The implementation of large-scale containment measures by governments to contain the spread of the COVID-19 virus has resulted in large impacts to the global economy. Here, we derive a new high-frequency indicator of economic activity using empirical vessel tracking data, and use it to estimate the global maritime trade losses during the first eight months of the pandemic. We go on to use this high-frequency dataset to infer the effect of individual non-pharmaceutical interventions on maritime exports, which we use as a proxy of economic activity. Our results show widespread port-level trade losses, with the largest absolute losses found for ports in China, the Middle-East and Western Europe, associated with the collapse of specific supply-chains (e.g. oil, vehicle manufacturing). In total, we estimate that global maritime trade reduced by -7.0% to -9.6% during the first eight months of 2020, which is equal to around 206-286 million tonnes in volume losses and up to 225-412 billion USD in value losses. We find large sectoral and geographical disparities in impacts. Manufacturing sectors are hit hardest, with losses up to 11.8%, whilst some small islands developing states and low-income economies suffered the largest relative trade losses.
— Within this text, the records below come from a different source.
lemma indep_vars_PiM_gauss_components:
  assumes f: "inj_on f S" "f ` S \<subseteq> K" and S: "S \<noteq> {}"
  shows "prob_space.indep_vars (PiM K (\<lambda>_. gauss)) (\<lambda>_. borel) (\<lambda>j \<omega>. \<omega> (f j)) S"
proof -
  interpret P: prob_space "PiM K (\<lambda>_. gauss)" by (rule prob_space_PiM_gauss)
  have rv: "(\<lambda>\<omega>. \<omega> (f j)) \<in> measurable (PiM K (\<lambda>_. gauss)) gauss" if "j \<in> S" for j
    using f that measurable_component_singleton[of "f j" K "\<lambda>_. gauss"] by auto
  have "distr (PiM K (\<lambda>_. gauss)) (\<Pi>\<^sub>M j\<in>S. gauss) (\<lambda>\<omega>. \<lambda>j\<in>S. \<omega> (f j)) = (\<Pi>\<^sub>M j\<in>S. gauss)"
    using distr_PiM_reindex[of K "\<lambda>_. gauss" f S] f prob_space_gauss by auto
  also have "\<dots> = (\<Pi>\<^sub>M j\<in>S. distr (PiM K (\<lambda>_. gauss)) gauss (\<lambda>\<omega>. \<omega> (f j)))"
    by (intro PiM_cong refl distr_PiM_component[symmetric] prob_space_gauss) (use f in auto)
  finally have "P.indep_vars (\<lambda>_. gauss) (\<lambda>j \<omega>. \<omega> (f j)) S"
    by (subst P.indep_vars_iff_distr_eq_PiM'[OF S rv]) auto
  then show ?thesis
    by (rule P.indep_vars_compose2[where Y = "\<lambda>_ x. x", simplified]) simp
qed

lemma distributed_PiM_gauss_component:
  assumes "k \<in> K"
  shows "distributed (PiM K (\<lambda>_. gauss)) lborel (\<lambda>\<omega>. \<omega> k) std_normal_density"
proof -
  have "distr (PiM K (\<lambda>_. gauss)) lborel (\<lambda>\<omega>. \<omega> k) = distr (PiM K (\<lambda>_. gauss)) gauss (\<lambda>\<omega>. \<omega> k)"
    by (rule distr_cong) auto
  also have "\<dots> = gauss" using assms by (intro distr_PiM_component prob_space_gauss)
  finally show ?thesis unfolding distributed_def using assms
    by (auto simp: gauss_def intro!: measurable_component_singleton measurable_ident_sets)
qed

lemma distributed_PiM_gauss_signed_row_sum:
  fixes v :: "nat \<Rightarrow> real"
  assumes v: "\<forall>j<p. v j \<in> {-1, 0, 1}" and J: "{j. j < p \<and> v j \<noteq> 0} \<noteq> {}" and i: "i \<in> I"
  shows "distributed (PiM (I \<times> {..<p}) (\<lambda>_. gauss)) lborel (\<lambda>\<omega>. \<Sum>j<p. \<omega> (i, j) * v j)
           (normal_density 0 (sqrt (real (card {j. j < p \<and> v j \<noteq> 0}))))"
proof -
  interpret P: prob_space "PiM (I \<times> {..<p}) (\<lambda>_. gauss)" by (rule prob_space_PiM_gauss)
  define J where "J = {j. j < p \<and> v j \<noteq> 0}"
  have indep: "P.indep_vars (\<lambda>_. borel) (\<lambda>j \<omega>. \<omega> (i, j)) J"
    by (rule indep_vars_PiM_gauss_components) (use J i in \<open>auto simp: J_def inj_on_def\<close>)
  have indep_scaled: "P.indep_vars (\<lambda>_. borel) (\<lambda>j \<omega>. \<omega> (i, j) * v j) J"
    using P.indep_vars_compose2[OF indep, of "\<lambda>j x. x * v j" "\<lambda>_. borel"] by simp
  have standard: "distributed (PiM (I \<times> {..<p}) (\<lambda>_. gauss)) lborel (\<lambda>\<omega>. \<omega> (i, j) * v j)
      (normal_density 0 1)" if j: "j \<in> J" for j
  proof -
    have vj: "v j \<noteq> 0" "\<bar>v j\<bar> = 1" using j v by (auto simp: J_def)
    have "distributed (PiM (I \<times> {..<p}) (\<lambda>_. gauss)) lborel (\<lambda>\<omega>. 0 + v j * \<omega> (i, j))
            (normal_density (0 + v j * 0) (\<bar>v j\<bar> * 1))"
      by (rule P.normal_density_affine)
        (use distributed_PiM_gauss_component[of "(i, j)" "I \<times> {..<p}"] i j vj in \<open>auto simp: J_def\<close>)
    then show ?thesis using vj by (simp add: mult.commute)
  qed
  have "distributed (PiM (I \<times> {..<p}) (\<lambda>_. gauss)) lborel (\<lambda>\<omega>. \<Sum>j\<in>J. \<omega> (i, j) * v j)
           (normal_density (\<Sum>j\<in>J. 0) (sqrt (\<Sum>j\<in>J. 1\<^sup>2)))"
    by (rule P.sum_indep_normal[OF _ _ indep_scaled]) (use J standard in \<open>auto simp: J_def\<close>)
  moreover have "(\<lambda>\<omega>. \<Sum>j<p. \<omega> (i, j) * v j) = (\<lambda>\<omega>. \<Sum>j\<in>J. \<omega> (i, j) * v j)"
    by (intro ext sum.mono_neutral_right) (auto simp: J_def)
  ultimately show ?thesis by (simp add: J_def)
qed

lemma nn_integral_gauss_rows_exp_neg_square:
  fixes v a :: "nat \<Rightarrow> real"
  assumes v: "\<forall>j<p. v j \<in> {-1, 0, 1}" and J: "{j. j < p \<and> v j \<noteq> 0} \<noteq> {}"
    and a: "\<forall>i<n. 0 \<le> a i" and n: "0 < n"
  shows "(\<integral>\<^sup>+\<omega>. (\<Prod>i<n. ennreal (exp (- a i * (\<Sum>j<p. \<omega> (i, j) * v j)\<^sup>2)))
             \<partial>PiM ({..<n} \<times> {..<p}) (\<lambda>_. gauss))
       = (\<Prod>i<n. ennreal (1 / sqrt (1 + 2 * a i * real (card {j. j < p \<and> v j \<noteq> 0}))))"
proof -
  define M where "M = PiM ({..<n} \<times> {..<p}) (\<lambda>_. gauss)"
  interpret P: prob_space M unfolding M_def by (rule prob_space_PiM_gauss)
  define m where "m = real (card {j. j < p \<and> v j \<noteq> 0})"
  define row where "row i \<omega> = restrict \<omega> ({i} \<times> {..<p})" for \<omega> :: "nat \<times> nat \<Rightarrow> real" and i
  define Y where "Y i \<omega> = ennreal (exp (- a i * (\<Sum>j<p. \<omega> (i, j) * v j)\<^sup>2))"
    for i and \<omega> :: "nat \<times> nat \<Rightarrow> real"
  have m: "0 < m" using J by (auto simp: m_def card_gt_0_iff)
  have Y_row: "Y i (row i \<omega>) = Y i \<omega>" for i \<omega>
    unfolding Y_def row_def by (auto intro!: sum.cong)
  have "P.indep_vars (\<lambda>_. borel) (\<lambda>k \<omega>. \<omega> k) ({..<n} \<times> {..<p})"
    using indep_vars_PiM_gauss_components[of id "{..<n} \<times> {..<p}"] J n
    by (auto simp: M_def)
  then have "P.indep_vars (\<lambda>i. PiM ({i} \<times> {..<p}) (\<lambda>_. borel)) (\<lambda>i \<omega>. row i \<omega>) {..<n}"
    unfolding row_def by (rule P.indep_vars_restrict) (auto simp: disjoint_family_on_def)
  then have rows: "P.indep_vars (\<lambda>_. borel) (\<lambda>i \<omega>. Y i (row i \<omega>)) {..<n}"
    by (rule P.indep_vars_compose2) (simp add: Y_def)
  have "(\<integral>\<^sup>+\<omega>. (\<Prod>i<n. Y i \<omega>) \<partial>M) = (\<Prod>i<n. \<integral>\<^sup>+\<omega>. Y i \<omega> \<partial>M)"
    using P.indep_vars_nn_integral[OF _ rows] by (simp add: Y_row)
  also have "\<dots> = (\<Prod>i<n. ennreal (1 / sqrt (1 + 2 * a i * m)))"
  proof (rule prod.cong[OF refl])
    fix i assume i: "i \<in> {..<n}"
    have "(\<integral>\<^sup>+\<omega>. Y i \<omega> \<partial>M)
        = (\<integral>\<^sup>+x. ennreal (normal_density 0 (sqrt m) x) * ennreal (exp (- a i * x\<^sup>2)) \<partial>lborel)"
      unfolding Y_def M_def m_def
      by (rule distributed_nn_integral[OF distributed_PiM_gauss_signed_row_sum[OF v J i], symmetric])
        simp
    also have "\<dots> = ennreal (1 / sqrt (1 + 2 * a i * m))"
      using nn_integral_normal_density_exp_neg_square[of "sqrt m" "a i"] m a i by simp
    finally show "(\<integral>\<^sup>+\<omega>. Y i \<omega> \<partial>M) = ennreal (1 / sqrt (1 + 2 * a i * m))" .
  qed
  finally show ?thesis by (simp add: Y_def M_def m_def)
qed

lemma nn_integral_gauss_vector_exp_quadratic:
  fixes g sd :: "nat \<Rightarrow> real" and t :: real
  shows "(\<integral>\<^sup>+W. ennreal (exp (- t * (\<Sum>i<n. (g i)\<^sup>2 + 2 * g i * (sd i * W i)))) \<partial>PiM {..<n} (\<lambda>_. gauss))
       = (\<Prod>i<n. ennreal (exp (- (t - 2 * t\<^sup>2 * (sd i)\<^sup>2) * (g i)\<^sup>2)))"
proof -
  define c where "c i = - 2 * t * sd i * g i" for i
  have split: "ennreal (exp (- t * (\<Sum>i<n. (g i)\<^sup>2 + 2 * g i * (sd i * W i))))
      = ennreal (\<Prod>i<n. exp (- t * (g i)\<^sup>2)) * (\<Prod>i<n. ennreal (exp (c i * W i)))" for W
  proof -
    have "exp (- t * (\<Sum>i<n. (g i)\<^sup>2 + 2 * g i * (sd i * W i)))
        = (\<Prod>i<n. exp (- t * (g i)\<^sup>2) * exp (c i * W i))"
      unfolding sum_distrib_left[symmetric] exp_sum[OF finite_lessThan, symmetric] mult_exp_exp
      by (simp add: c_def sum_distrib_left algebra_simps sum_negf[symmetric])
    then show ?thesis
      by (simp add: prod.distrib ennreal_mult[symmetric] prod_nonneg prod_ennreal)
  qed
  have "product_sigma_finite (\<lambda>_::nat. gauss)"
    unfolding product_sigma_finite_def using prob_space_imp_sigma_finite[OF prob_space_gauss] by blast
  then have gauss_mgf: "(\<integral>\<^sup>+W. (\<Prod>i<n. ennreal (exp (c i * W i))) \<partial>PiM {..<n} (\<lambda>_. gauss))
      = (\<Prod>i<n. ennreal (exp ((c i)\<^sup>2 / 2)))"
    using product_sigma_finite.product_nn_integral_prod[of "\<lambda>_. gauss" "{..<n}" "\<lambda>i x. ennreal (exp (c i * x))"]
    by (simp add: nn_integral_gauss_exp_linear)
  have "(\<integral>\<^sup>+W. ennreal (exp (- t * (\<Sum>i<n. (g i)\<^sup>2 + 2 * g i * (sd i * W i)))) \<partial>PiM {..<n} (\<lambda>_. gauss))
      = ennreal (\<Prod>i<n. exp (- t * (g i)\<^sup>2)) * (\<Prod>i<n. ennreal (exp ((c i)\<^sup>2 / 2)))"
    unfolding split gauss_mgf[symmetric] by (rule nn_integral_cmult) simp
  also have "\<dots> = ennreal ((\<Prod>i<n. exp (- t * (g i)\<^sup>2)) * (\<Prod>i<n. exp ((c i)\<^sup>2 / 2)))"
    by (simp add: ennreal_mult prod_nonneg prod_ennreal)
  also have "(\<Prod>i<n. exp (- t * (g i)\<^sup>2)) * (\<Prod>i<n. exp ((c i)\<^sup>2 / 2))
      = (\<Prod>i<n. exp (- (t - 2 * t\<^sup>2 * (sd i)\<^sup>2) * (g i)\<^sup>2))"
    unfolding prod.distrib[symmetric] mult_exp_exp
    by (intro prod.cong refl arg_cong[where f = exp]) (simp add: c_def power2_eq_square algebra_simps)
  finally show ?thesis by (simp add: prod_ennreal)
qed

lemma design_space_quadratic_form_tail:
  fixes v sd :: "nat \<Rightarrow> real" and t :: real
  assumes v: "\<forall>j<p. v j \<in> {-1, 0, 1}" and J: "{j. j < p \<and> v j \<noteq> 0} \<noteq> {}"
    and a: "\<forall>i<n. 0 \<le> t - 2 * t\<^sup>2 * (sd i)\<^sup>2" and n: "0 < n" and t: "0 < t"
  shows "measure (design_space n p) {\<omega> \<in> space (design_space n p).
      (\<Sum>i<n. (\<Sum>j<p. fst \<omega> (i, j) * v j)\<^sup>2 + 2 * (\<Sum>j<p. fst \<omega> (i, j) * v j) * (sd i * snd \<omega> i)) \<le> 0}
    \<le> (\<Prod>i<n. 1 / sqrt (1 + 2 * (t - 2 * t\<^sup>2 * (sd i)\<^sup>2) * real (card {j. j < p \<and> v j \<noteq> 0})))"
proof -
  define MX where "MX = PiM ({..<n} \<times> {..<p}) (\<lambda>_. gauss)"
  define MW where "MW = PiM {..<n} (\<lambda>_. gauss)"
  interpret D: prob_space "design_space n p" by (rule prob_space_design_space)
  interpret W: prob_space MW unfolding MW_def by (rule prob_space_PiM_gauss)
  define m where "m = real (card {j. j < p \<and> v j \<noteq> 0})"
  define g where "g X i = (\<Sum>j<p. X (i, j) * v j)" for X :: "nat \<times> nat \<Rightarrow> real" and i
  define Q where "Q \<omega> = (\<Sum>i<n. (g (fst \<omega>) i)\<^sup>2 + 2 * g (fst \<omega>) i * (sd i * snd \<omega> i))" for \<omega>
  define A where "A = {\<omega> \<in> space (design_space n p). Q \<omega> \<le> 0}"
  define B where "B = (\<Prod>i<n. 1 / sqrt (1 + 2 * (t - 2 * t\<^sup>2 * (sd i)\<^sup>2) * m))"
  have factor_nonneg: "0 \<le> 1 / sqrt (1 + 2 * (t - 2 * t\<^sup>2 * (sd i)\<^sup>2) * m)" if "i < n" for i
  proof -
    have "0 \<le> 2 * (t - 2 * t\<^sup>2 * (sd i)\<^sup>2) * m" using a that by (intro mult_nonneg_nonneg) (auto simp: m_def)
    then show ?thesis by simp
  qed
  have D: "design_space n p = MX \<Otimes>\<^sub>M MW" by (simp add: design_space_def MX_def MW_def)
  have Q_measurable: "Q \<in> borel_measurable (design_space n p)"
    unfolding Q_def g_def D MX_def MW_def by measurable
  then have A_sets: "A \<in> sets (design_space n p)" unfolding A_def by measurable
  have "emeasure (design_space n p) A = (\<integral>\<^sup>+\<omega>. indicator A \<omega> \<partial>design_space n p)"
    using A_sets by simp
  also have "\<dots> \<le> (\<integral>\<^sup>+\<omega>. ennreal (exp (- t * Q \<omega>)) \<partial>design_space n p)"
    using t by (intro nn_integral_mono)
      (auto simp: A_def split: split_indicator intro!: mult_nonneg_nonpos)
  also have "\<dots> = (\<integral>\<^sup>+X. \<integral>\<^sup>+W. ennreal (exp (- t * Q (X, W))) \<partial>MW \<partial>MX)"
    using Q_measurable unfolding D by (intro W.nn_integral_fst[symmetric]) measurable
  also have "\<dots> = (\<integral>\<^sup>+X. (\<Prod>i<n. ennreal (exp (- (t - 2 * t\<^sup>2 * (sd i)\<^sup>2) * (g X i)\<^sup>2))) \<partial>MX)"
    unfolding Q_def MW_def fst_conv snd_conv nn_integral_gauss_vector_exp_quadratic ..
  also have "\<dots> = (\<Prod>i<n. ennreal (1 / sqrt (1 + 2 * (t - 2 * t\<^sup>2 * (sd i)\<^sup>2) * m)))"
    unfolding MX_def g_def m_def using a n by (intro nn_integral_gauss_rows_exp_neg_square[OF v J]) auto
  also have "\<dots> = ennreal B"
    unfolding B_def using factor_nonneg by (intro prod_ennreal) simp
  finally have "emeasure (design_space n p) A \<le> ennreal B" .
  moreover have "0 \<le> B" unfolding B_def using factor_nonneg by (intro prod_nonneg) simp
  ultimately show ?thesis
    unfolding A_def Q_def g_def B_def m_def by (simp add: D.emeasure_eq_measure)
qed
Moreover, we find a clear negative impact of COVID-19 related school and public transport closures on country-wide exports. Overall, we show how real-time indicators of economic activity can inform policy-makers about the impacts of individual policies on the economy, and can support economic recovery efforts by allocating funds to the hardest hit economies and sectors.

Highlights

  • The emergence and spread of COVID-19, caused by the severe acute respiratory syndrome coronavirus 2 (SARS-CoV-2), has forced countries worldwide to implement Non-Pharmaceutical Interventions (NPI) to reduce the spread of the virus [1,2,3,4]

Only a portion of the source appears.